Toplumsal cinsiyet eşitsizliğinin neden olduğu başlıca olgulardan biri kadına yönelik şiddettir. Kadınlara yönelik toplumsal cinsiyete dayalı şiddet, “bir kadına sırf kadın olduğu için yöneltilen ya da oransız bir şekilde kadınları etkileyen” cinsiyet temelli şiddet olarak tanımlanmaktadır. Kadına yönelik şiddet coğrafi sınır, ekonomik gelişmişlik ve eğitim düzeyine bakılmaksızın tüm dünyada ve pek çok kültürde son derece yaygın görülen bir olaydır. Kadına yönelik şiddet sadece kadına fiziksel ve ruhsal anlamda zarar vermekle kalmayıp aynı zamanda sosyal açıdan kendilerini geliştirmelerini de engellemektedir. Dünya çapında erkeklerden fiziksel şiddet gören kadınların tahmini oranının % 25-50 olduğu rapor edilmiştir.
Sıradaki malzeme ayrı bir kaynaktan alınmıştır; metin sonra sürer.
context
  fixes x y z :: "nat \<Rightarrow> int"
  assumes x: "x \<in> words N" and y: "y \<in> words N" and z: "z \<in> words N"
begin

lemma itin_not_Exit_if_diverges_at:
  assumes xy: "diverges_at \<delta> x y p u v (Suc n)" and xz: "diverges_at \<delta> x z q u' v' (Suc n)"
    and "p \<le> q" "q < Suc n"
  shows "itin \<delta> y z n \<noteq> Exit"
proof (cases "q < n")
  case False
  then have "itin \<delta> y z n = itin \<delta> y x n"
    using xz by (intro itin_cong) (simp add: diverges_at_def)
  moreover have "itin \<delta> x y (Suc n) = S u v"
    unfolding itin_eq_S_iff[OF x y] using xy assms(3,4) le_less_trans by blast
  then have "itin \<delta> x y n \<noteq> Exit"
    by auto
  ultimately show ?thesis
    using itin_swap_not_Exit[OF x y] by simp
next
  case True
  note letters = words_letter[OF x] words_letter[OF y] words_letter[OF z]
  have x_Suc_q: "x (Suc q) = v'"
    using xz \<open>q < n\<close> by (simp add: diverges_at_def)
  have "p = q"
  proof (rule ccontr)
    assume "p \<noteq> q"
    then have "x q = v'"
      using xy assms(3) \<open>q < n\<close> x_Suc_q by (simp add: diverges_at_def)
    moreover have "\<delta> Id (x q, z q) = S u' v'"
      using xz by (simp add: diverges_at_def)
    ultimately show False
      using Id_step_S_fst_neq[OF letters(1,3)] by blast
  qed
  then have "v' = v"
    using xy \<open>q < n\<close> x_Suc_q by (simp add: diverges_at_def)
  have steps: "\<delta> Id (x p, y p) = S u v" "\<delta> Id (x p, z p) = S u' v"
    using xy xz \<open>p = q\<close> \<open>v' = v\<close> by (simp_all add: diverges_at_def)
  show ?thesis
  proof (cases "u' = u")
    case True
    then have "y p = z p"
      using Id_step_unique[OF letters(1,2,3)] steps by blast
    have "y k = z k" if "k < n" for k
      using xy xz \<open>y p = z p\<close> \<open>p = q\<close> True that
      by (cases k p rule: linorder_cases) (auto simp: diverges_at_def)
    then have "itin \<delta> y z n = Id"
      using itin_eq_Id_iff[OF y z] by blast
    then show ?thesis
      by simp
  next
    case False
    then have "\<delta> Id (y p, z p) = S u' u"
      using Id_step_gather[OF letters(1,2,3) steps] by blast
    then have "diverges_at \<delta> y z p u' u n"
      using xy xz \<open>p = q\<close> by (auto simp: diverges_at_def)
    then have "itin \<delta> y z n = S u' u"
      using itin_eq_S_iff[OF y z] \<open>p = q\<close> \<open>q < n\<close> by blast
    then show ?thesis
      by simp
  qed
qed

end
Türkiye Kadına Yönelik Aile İçi Şiddet Araştırması 2009 sonuçlarına göre, Türkiye’de kadınların %39’u fiziksel, %15’i cinsel ve %44’ü duygusal şiddete maruz kalmaktadır.
Kadınlara karşı şiddet dünyada en yaygın, ancak en az cezalandırılan suç.
Dünya’da Kadına Yönelik Şiddetin Boyutları
Dünya Sağlık Örgütü’nün 11 ülkede 24.000 kadın üzerinde yaptığı çalışmada, kadınların %13-61’inin fiziksel, %6-59’unun cinsel,%15-71’inin hem fiziksel hem de cinsel, %20- 75’inin ise duygusal şiddete maruz kaldığı belirlenmiştir (WHO, 2005).
Kuzey Hindistan’da yaşayan kadınların %17’sinin fiziksel olarak, %22’sinin cinsel olarak şiddete maruz kaldıkları saptanmıştır (1999).
Doğu Londra’da kadınların %61’i aile içi şiddet yaşantısının
olduğunu, %87’si cinsel saldırıyla karşılaştıklarını belirtmişlerdir ( 2001).
Nikaragua’da yaşayan kadınların %52’si yaşamlarının bir bölümünde şiddete maruz kalmaktadır ( 2000).
Japonya’da kadınların %67’sinin fiziksel şiddet deneyimleri bulunmaktadır (2001).
Washington’da yapılan araştırmada, kadınların %27’sinin eşleri tarafından fiziksel şiddet gördüklerini ve bu kadınların %24’ünün şiddet sonucunda yaralandıklarını saptamıştır.
İsveç dünyada kadın erkek eşitliğinin nispeten her alanda daha çok sağlandığı bir ülkedir. Buna rağmen İsveç son on yılın en yüksek şiddet
olaylarına tanık olmaktadır.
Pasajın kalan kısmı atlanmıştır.